In this code block, we evaluate the Random Forest model using **classification metrics** and visualize the **confusion matrix**.

Accuracy = 0.96 → The model correctly predicted 96% of test samples.

Precision: How often the model is correct when it predicts a class.

High = 1.00 → No false “High” predictions.

Recall: How many actual instances of a class were correctly identified.

High = 0.87 → 87% of true “High” were detected.

F1-score: Balance between precision and recall; closer to 1 is better.

Interpretation:

The model perfectly identifies “Low” performers (108/108).

It correctly predicts 20/23 “High” students, misclassifying 3 as “Medium.”

It predicts 65/69 “Medium” students correctly, misclassifying 4 as “Low.”

Overall, the model is strongest at detecting “Low” performers and has minor confusion between “High” and “Medium.”


In [None]:
importances = pd.Series(model.feature_importances_, index=X.columns).sort_values(ascending=False)

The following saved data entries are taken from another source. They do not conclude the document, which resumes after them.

(* Let $\overline{\mathcal G_H}=\mathbb S^1_\beta\times[-\infty,\infty]_a$ with the smooth structure described in the context, let $\mu_H(\beta,a)=(1+a^2)^{-1/2}$ (extended by $0$ at $a=\pm\infty$), and let $\mathcal S_A^H(\beta,a)=(\beta+\pi+2\tan^{-1}a,\,-a)$. A function $h$ on $\overline{\mathcal G_H}$ belongs to $C^\infty_{\alpha,+}(\overline{\mathcal G_H})$ if and only if $h\in C^\infty(\overline{\mathcal G_H})$, $h=h\circ\mathcal S_A^H$, and, when $h$ is expressed in terms of the coordinates $(\beta+\tan^{-1}a,\ \mu_H)$ near $\partial\overline{\mathcal G_H}=\{a=\pm\infty\}$, all odd-order terms of the Taylor expansion of $h$ off of $\partial\overline{\mathcal G_H}$ (in the variable $\mu_H$) vanish.
   Context: $\overline{\mathcal G_H}=\mathbb S^1_\beta\times[-\infty,\infty]_a$ is given the smooth structure of a compact manifold with boundary for which the map $\Psi_{hf}(\beta,a)=(\beta,\tan^{-1}a)$ (with $\tan^{-1}(\pm\infty)=\pm\pi/2$) is a diffeomorphism onto $\partial_+S\mathbb D_E:=\mathbb S^1_\beta\times[-\pi/2,\pi/2]_\alpha$; then $\mu_H$ is a smooth boundary defining function. Fan-beam coordinates on the boundary $\partial S\mathbb D_E$ of the unit tangent bundle of the Euclidean unit disk: $(\beta,\alpha)\in\mathbb S^1\times(\mathbb R/2\pi\mathbb Z)$ denotes the unit vector at $e^{i\beta}$ with direction $e^{i(\beta+\pi+\alpha)}$; $\partial_+S\mathbb D_E$ corresponds to $\alpha\in[-\pi/2,\pi/2]$ (inward pointing), $\partial_-S\mathbb D_E$ to $\alpha\in[\pi/2,3\pi/2]$. The scattering relation is $\mathcal S^E(\beta,\alpha)=(\beta+\pi+2\alpha,\pi-\alpha)$, and $\mathcal S^E_A(\beta,\alpha)=(\beta+\pi+2\alpha,-\alpha)$. For $u$ on $\partial_+S\mathbb D_E$, $A_+u$ is the function on $\partial S\mathbb D_E$ equal to $u$ on $\partial_+S\mathbb D_E$ and to $u\circ\mathcal S^E$ on $\partial_-S\mathbb D_E$. Define $C^\infty_\alpha(\partial_+S\mathbb D_E)=\{u\in C^\infty(\partial_+S\mathbb D_E): A_+u\in C^\infty(\partial S\mathbb D_E)\}$, $C^\infty_{\alpha,+}(\partial_+S\mathbb D_E)=\{u\in C^\infty_\alpha(\partial_+S\mathbb D_E): u\circ\mathcal S^E_A=u\}$, and $C^\infty_{\alpha,+}(\overline{\mathcal G_H}):=\Psi_{hf}^*C^\infty_{\alpha,+}(\partial_+S\mathbb D_E)=\{u\circ\Psi_{hf}\}$. *)

theory Defs
  imports "HOL-Analysis.Analysis"
begin
(* Let $T_1=\begin{pmatrix}1&1\\0&1\end{pmatrix}$ and $T_2=\begin{pmatrix}0&1\\0&1\end{pmatrix}$. Then $h(T)=0$.
   Context: Define $\gamma^{[s_j]}_{i,n}$ ($i,j\in\{1,2\}$, $n\ge0$) by $\gamma^{[s_j]}_{i,0}=1$ and for $n\ge1$ $$\gamma^{[s_1]}_{i,n}=\sum_{j,k=1}^2T_1(i,j)T_2(i,k)\,\gamma^{[s_1]}_{j,n-1}\gamma^{[s_2]}_{k,n-1},\qquad \gamma^{[s_2]}_{i,n}=\sum_{j=1}^2T_1(i,j)\,\gamma^{[s_1]}_{j,n-1}.$$ Let $l_0=1$, $l_1=2$, $l_{k+1}=l_k+l_{k-1}$, $|E_n|=\sum_{k=0}^nl_k$ (the number of elements of word length $\le n$ in the monoid $G=\langle s_1,s_2\mid s_2s_2=s_2\rangle$), and $h(T)=\limsup_{n\to\infty}\frac{\ln(\gamma^{[s_1]}_{1,n}+\gamma^{[s_1]}_{2,n})}{|E_n|}$, the paper's entropy of the $G$-vertex shift with adjacency matrices $T=(T_1,T_2)$ over $\{1,2\}$. *)

theory Defs
  imports "HOL-Analysis.Analysis"
begin

text \<open>Adjacency matrices are functions nat => nat => real; only the entries with
indices in {1,2} are used. gam T1 T2 n = (gamma^[s1]_{.,n}, gamma^[s2]_{.,n}).\<close>

fun gam :: "(nat \<Rightarrow> nat \<Rightarrow> real) \<Rightarrow> (nat \<Rightarrow> nat \<Rightarrow> real) \<Rightarrow> nat
            \<Rightarrow> (nat \<Rightarrow> real) \<times> (nat \<Rightarrow> real)" where
  "gam T1 T2 0 = ((\<lambda>i. 1), (\<lambda>i. 1))"
| "gam T1 T2 (Suc n) =
     (let g1 = fst (gam T1 T2 n); g2 = snd (gam T1 T2 n) in
      ((\<lambda>i. \<Sum>j\<in>{1,2}. \<Sum>k\<in>{1,2}. T1 i j * T2 i k * g1 j * g2 k),
       (\<lambda>i. \<Sum>j\<in>{1,2}. T1 i j * g1 j)))"

definition gamma1 :: "(nat \<Rightarrow> nat \<Rightarrow> real) \<Rightarrow> (nat \<Rightarrow> nat \<Rightarrow> real) \<Rightarrow> nat \<Rightarrow> nat \<Rightarrow> real" where
  "gamma1 T1 T2 i n = fst (gam T1 T2 n) i"

fun lseq :: "nat \<Rightarrow> nat" where
  "lseq 0 = 1"
| "lseq (Suc 0) = 2"
| "lseq (Suc (Suc k)) = lseq (Suc k) + lseq k"

definition card_E :: "nat \<Rightarrow> nat" where
  "card_E n = (\<Sum>k\<le>n. lseq k)"

definition entropy :: "(nat \<Rightarrow> nat \<Rightarrow> real) \<Rightarrow> (nat \<Rightarrow> nat \<Rightarrow> real) \<Rightarrow> ereal" where
  "entropy T1 T2 = limsup (\<lambda>n. ereal (ln (gamma1 T1 T2 1 n + gamma1 T1 T2 2 n) / real (card_E n)))"

end

theory Submission
  imports Defs "HOL-Real_Asymp.Real_Asymp"
begin

text \<open>For these matrices the state 2 only sees itself, so all gamma's at 2 stay 1, while
  the gamma's at 1 grow by one per step: gamma1 1 n = n + 1. Hence the numerator of the entropy
  quotient is ln (n + 2), whereas the denominator |E_n| is at least n + 1, so the
  quotient tends to 0.\<close>

lemma lseq_ge_1: "lseq k \<ge> 1"
  by (induction k rule: lseq.induct) auto

lemma card_E_ge: "card_E n \<ge> Suc n"
proof -
  have "(\<Sum>k\<le>n. (1::nat)) \<le> (\<Sum>k\<le>n. lseq k)"
    by (rule sum_mono) (rule lseq_ge_1)
  then show ?thesis
    unfolding card_E_def by simp
qed

lemma entropy_eq_if_tendsto:
  assumes "(\<lambda>n. ln (gamma1 T1 T2 1 n + gamma1 T1 T2 2 n) / real (card_E n)) \<longlonglongrightarrow> L"
  shows "entropy T1 T2 = ereal L"
  unfolding entropy_def using lim_imp_Limsup[OF _ tendsto_ereal[OF assms]] by simp

lemma ln_div_card_E_tendsto_0: "(\<lambda>n. ln (real n + 2) / real (card_E n)) \<longlonglongrightarrow> 0"
proof (rule tendsto_sandwich)
  show "\<forall>\<^sub>F n in sequentially. 0 \<le> ln (real n + 2) / real (card_E n)"
    by simp
  have "ln (real n + 2) / real (card_E n) \<le> ln (real n + 2) / (real n + 1)" for n
    using card_E_ge[of n] by (intro divide_left_mono) auto
  then show "\<forall>\<^sub>F n in sequentially. ln (real n + 2) / real (card_E n) \<le> ln (real n + 2) / (real n + 1)"
    by simp
  show "(\<lambda>n. ln (real n + 2) / (real n + 1)) \<longlonglongrightarrow> 0"
    by real_asymp
qed simp

lemma gam_linear_growth:
  assumes "T1 1 1 = 1" "T1 1 2 = 1" "T1 2 1 = 0" "T1 2 2 = 1"
      and "T2 1 1 = 0" "T2 1 2 = 1" "T2 2 1 = 0" "T2 2 2 = 1"
  shows "fst (gam T1 T2 n) 1 = real n + 1 \<and> fst (gam T1 T2 n) 2 = 1
      \<and> snd (gam T1 T2 n) 1 = real n + 1 \<and> snd (gam T1 T2 n) 2 = 1"
  using assms by (induction n) (auto simp: Let_def algebra_simps)

theorem proposition3:
  fixes T1 T2 :: "nat \<Rightarrow> nat \<Rightarrow> real"
  assumes "T1 1 1 = 1" "T1 1 2 = 1" "T1 2 1 = 0" "T1 2 2 = 1"
      and "T2 1 1 = 0" "T2 1 2 = 1" "T2 2 1 = 0" "T2 2 2 = 1"
  shows "entropy T1 T2 = 0"
proof -
  have "gamma1 T1 T2 1 n + gamma1 T1 T2 2 n = real n + 2" for n
    using gam_linear_growth[OF assms, of n] by (simp add: gamma1_def)
  then have "(\<lambda>n. ln (gamma1 T1 T2 1 n + gamma1 T1 T2 2 n) / real (card_E n)) \<longlonglongrightarrow> 0"
    using ln_div_card_E_tendsto_0 by simp
  then show ?thesis
    by (simp add: entropy_eq_if_tendsto zero_ereal_def)
qed

end
lemma noise_sensitive_iff_if_noise_cov_diff_tendsto_0:
  assumes "\<And>\<epsilon>. 0 < \<epsilon> \<Longrightarrow> \<epsilon> \<le> 1 \<Longrightarrow> (\<lambda>n. noise_cov \<epsilon> (g n) - noise_cov \<epsilon> (h n)) \<longlonglongrightarrow> 0"
  shows "noise_sensitive g \<longleftrightarrow> noise_sensitive h"
  unfolding noise_sensitive_iff_noise_cov
proof (intro iff_allI imp_cong refl iffI)
  fix \<epsilon> :: real assume \<epsilon>: "0 < \<epsilon> \<and> \<epsilon> \<le> 1"
  note diff = assms[OF conjunct1[OF \<epsilon>] conjunct2[OF \<epsilon>]]
  show "(\<lambda>n. noise_cov \<epsilon> (h n)) \<longlonglongrightarrow> 0" if "(\<lambda>n. noise_cov \<epsilon> (g n)) \<longlonglongrightarrow> 0"
    using tendsto_diff[OF that diff] by simp
  show "(\<lambda>n. noise_cov \<epsilon> (g n)) \<longlonglongrightarrow> 0" if "(\<lambda>n. noise_cov \<epsilon> (h n)) \<longlonglongrightarrow> 0"
    using tendsto_add[OF that diff] by simp
qed

lemma noise_cov_B_approximation:
  assumes "\<And>n. boolean_fun (f n)" and "\<And>n. finitary (f n)"
  obtains M :: "nat \<Rightarrow> nat"
  where "\<And>m \<epsilon>. (\<And>n. M n \<le> m n) \<Longrightarrow>
      (\<lambda>n. noise_cov \<epsilon> (B (m n) (f n)) - noise_cov \<epsilon> (f n)) \<longlonglongrightarrow> 0"
proof -
  have "\<forall>n. \<exists>M. \<forall>m\<ge>M. measure Omega (- witness_event (f n) m) < inverse (Suc n)"
  proof
    fix n
    have "eventually (\<lambda>m. measure Omega (- witness_event (f n) m) < inverse (Suc n)) sequentially"
      by (rule order_tendstoD(2)[OF measure_not_witness_event_tendsto_0[OF assms]]) simp
    then show "\<exists>M. \<forall>m\<ge>M. measure Omega (- witness_event (f n) m) < inverse (Suc n)"
      unfolding eventually_sequentially .
  qed
  from choice[OF this] obtain M
    where M: "\<And>n m. M n \<le> m \<Longrightarrow> measure Omega (- witness_event (f n) m) < inverse (Suc n)"
    by blast
  have close: "\<bar>noise_cov \<epsilon> (B m (f n)) - noise_cov \<epsilon> (f n)\<bar> \<le> 8 * inverse (Suc n)"
    if "M n \<le> m" for \<epsilon> m n
  proof -
    have "- witness_event (f n) m \<in> sets Omega"
      using sets.compl_sets[OF sets_witness_event[OF assms(1)]] by (simp add: Compl_eq_Diff_UNIV)
    then have "\<bar>noise_cov \<epsilon> (B m (f n)) - noise_cov \<epsilon> (f n)\<bar> \<le> 8 * measure Omega (- witness_event (f n) m)"
      by (intro abs_noise_cov_diff_le boolean_fun_B assms(1)) (auto simp: B_eq_if_witness_event)
    also have "\<dots> \<le> 8 * inverse (Suc n)"
      using M[OF that] by simp
    finally show ?thesis .
  qed
  show thesis
  proof (rule that)
    fix m :: "nat \<Rightarrow> nat" and \<epsilon> assume "\<And>n. M n \<le> m n"
    then have "\<forall>n. norm (noise_cov \<epsilon> (B (m n) (f n)) - noise_cov \<epsilon> (f n)) \<le> 8 * inverse (Suc n)"
      using close by simp
    then show "(\<lambda>n. noise_cov \<epsilon> (B (m n) (f n)) - noise_cov \<epsilon> (f n)) \<longlonglongrightarrow> 0"
      by (rule Lim_null_comparison[OF always_eventually tendsto_mult_right_zero[OF LIMSEQ_inverse_real_of_nat]])
  qed
qed

lemma noise_sensitive_B_iff_eventually:
  assumes "\<And>n. boolean_fun (f n)" and "\<And>n. finitary (f n)"
  obtains M :: "nat \<Rightarrow> nat"
  where "\<And>m. (\<And>n. M n \<le> m n) \<Longrightarrow> noise_sensitive (\<lambda>n. B (m n) (f n)) \<longleftrightarrow> noise_sensitive f"
proof -
  obtain M where M: "\<And>m \<epsilon>. (\<And>n. M n \<le> m n) \<Longrightarrow>
      (\<lambda>n. noise_cov \<epsilon> (B (m n) (f n)) - noise_cov \<epsilon> (f n)) \<longlonglongrightarrow> 0"
    using noise_cov_B_approximation[of f] assms by blast
  show thesis
    by (rule that[of M], rule noise_sensitive_iff_if_noise_cov_diff_tendsto_0, rule M)
qed

theorem mainTheorem9:
  fixes f :: "nat \<Rightarrow> (nat \<Rightarrow> bool) \<Rightarrow> bool"
  assumes "\<And>n. boolean_fun (f n)"
    and "\<And>n. finitary (f n)"
  shows "(\<exists>r :: nat \<Rightarrow> nat. filterlim r at_top sequentially \<and>
            (\<forall>m :: nat \<Rightarrow> nat. (\<forall>n. r n \<le> m n) \<longrightarrow>
               noise_sensitive (\<lambda>n. B (m n) (f n))))
         \<longleftrightarrow> noise_sensitive f"
proof -
  obtain M where B_iff: "\<And>m. (\<And>n. M n \<le> m n) \<Longrightarrow>
      noise_sensitive (\<lambda>n. B (m n) (f n)) \<longleftrightarrow> noise_sensitive f"
    using noise_sensitive_B_iff_eventually[of f] assms by blast
  show ?thesis
  proof
    assume "\<exists>r. filterlim r at_top sequentially \<and>
        (\<forall>m. (\<forall>n. r n \<le> m n) \<longrightarrow> noise_sensitive (\<lambda>n. B (m n) (f n)))"
    then obtain r where "\<And>m. \<forall>n. r n \<le> m n \<Longrightarrow> noise_sensitive (\<lambda>n. B (m n) (f n))"
      by blast
    then show "noise_sensitive f"
      using B_iff[of "\<lambda>n. max (r n) (M n)"] by simp
  next
    assume "noise_sensitive f"
    moreover have "filterlim (\<lambda>n. M n + n) at_top sequentially"
      by (rule filterlim_at_top_mono[OF filterlim_ident]) simp
    ultimately show "\<exists>r. filterlim r at_top sequentially \<and>
        (\<forall>m. (\<forall>n. r n \<le> m n) \<longrightarrow> noise_sensitive (\<lambda>n. B (m n) (f n)))"
      using B_iff by (intro exI[of _ "\<lambda>n. M n + n"]) (meson le_add1 order_trans)
  qed
qed
(* Let $p$ be a prime, $\lambda=(\lambda_1,\dots,\lambda_l)$ a non-increasing sequence of positive integers and $\alpha\in M_l(\mathbf Z)$. Then the Pontryagin dual of the extension $\xi(\alpha)$, namely $0\to\widehat{\mathbf T[p^\lambda]}\xrightarrow{\hat q}\widehat{L(\alpha)}\xrightarrow{\hat f}\widehat{\mathbf Z/p^\lambda}\to0$, regarded (via the pairing below) as an extension over $\mathbf T[p^\lambda]$ with kernel $\mathbf Z/p^\lambda$, is equivalent to the extension $\xi(\alpha^{T})$ associated to the transpose matrix.
   Context: $\mathbf T=\mathbf R/\mathbf Z$. Let $p^\lambda:\mathbf Z^l\to\mathbf Z^l$, $(x_i)\mapsto(p^{\lambda_i}x_i)$; $\mathbf Z/p^\lambda:=\mathbf Z^l/p^\lambda\mathbf Z^l$; $\mathbf T[p^\lambda]=\{\mu\in\mathbf T^l:p^{\lambda_i}\mu_i=0\ \forall i\}$. These finite groups are mutually Pontryagin dual via $(\mu,x)\mapsto\mu_1x_1+\dots+\mu_lx_l$. Let $a_\alpha:\mathbf Z^l\to\mathbf Z/p^\lambda$ send the $i$-th standard basis vector to the class of $(\alpha_{i1},\dots,\alpha_{il})$. The extension $\xi(\alpha):0\to\mathbf Z/p^\lambda\xrightarrow{f}L(\alpha)\xrightarrow{q}\mathbf T[p^\lambda]\to0$ is defined by $L(\alpha)=(\mathbf Z/p^\lambda\oplus\mathbf Z^l)/\{(a_\alpha(x),-p^\lambda x):x\in\mathbf Z^l\}$, $f(c)=[(c,0)]$, $q([(c,y)])=(y_1/p^{\lambda_1},\dots,y_l/p^{\lambda_l})\bmod\mathbf Z^l$. Two extensions $0\to K\to X\to Q\to0$ and $0\to K\to X'\to Q\to0$ are equivalent if there is an isomorphism $X\to X'$ compatible with the identity maps on $K$ and $Q$. *)

theory Defs
  imports Complex_Main "HOL-Computational_Algebra.Primes" "HOL-Algebra.Coset"
begin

# Plotting feature importance
plt.figure(figsize=(12, 8))
colors = plt.cm.RdYlGn(importances / importances.max())
colors = colors.tolist()

ax = sns.barplot(
    x=importances,
    y=importances.index,
    hue=importances.index,
    palette=colors,
    legend=False,
    edgecolor='black',
    linewidth=1.5
)

# Adding value labels
for i, (value, name) in enumerate(zip(importances, importances.index)):
    percentage = (value / importances.sum()) * 100
    ax.text(value + 0.005, i, f'{value:.4f} ({percentage:.1f}%)',
            va='center', fontweight='bold', fontsize=10)

plt.xlabel('Importance Score', fontsize=13, fontweight='bold')
plt.ylabel('Features', fontsize=13, fontweight='bold')
plt.title('Feature Importance of the Model', fontsize=15, fontweight='bold', pad=20)
plt.grid(axis='x', alpha=0.3, linestyle='--')
plt.xlim(0, importances.max() * 1.15)
plt.tight_layout()
plt.show()

# Detailed Feature Importance Table
print("\n" + "="*80)
print("                    DETAILED FEATURE IMPORTANCE REPORT")
print("="*80)

importance_df = pd.DataFrame({
    'Feature': importances.index,
    'Importance Score': importances.values,
    'Percentage (%)': (importances.values / importances.sum() * 100).round(2),
    'Cumulative %': (importances.values / importances.sum() * 100).cumsum().round(2),
    'Rank': range(1, len(importances) + 1)
})

print(importance_df.to_string(index=False))
print("="*80)

# Summary Statistics
print(f"\n SUMMARY STATISTICS:")
print(f"   • Total Number of Features: {len(importances)}")
print(f"   • Most Important Feature: {importances.index[0]} ({importances.values[0]:.4f})")
print(f"   • Least Important Feature: {importances.index[-1]} ({importances.values[-1]:.4f})")
print(f"   • Average Importance Score: {importances.mean():.4f}")
print(f"   • Top 3 Features Total Contribution: {(importances.values[:3].sum() / importances.sum() * 100):.1f}%")
print("="*80 + "\n")

### 10. Visualizing and Reporting Feature Importance

Based on the results, the most influential features are reading score, writing score, and math score, which together account for 92% of the model's total importance. The remaining features (race/ethnicity, parental level of education, gender, test preparation course, and lunch) have relatively low importance, indicating they contribute much less to the predictions. In short, students' exam scores are the primary factors driving the model's decisions.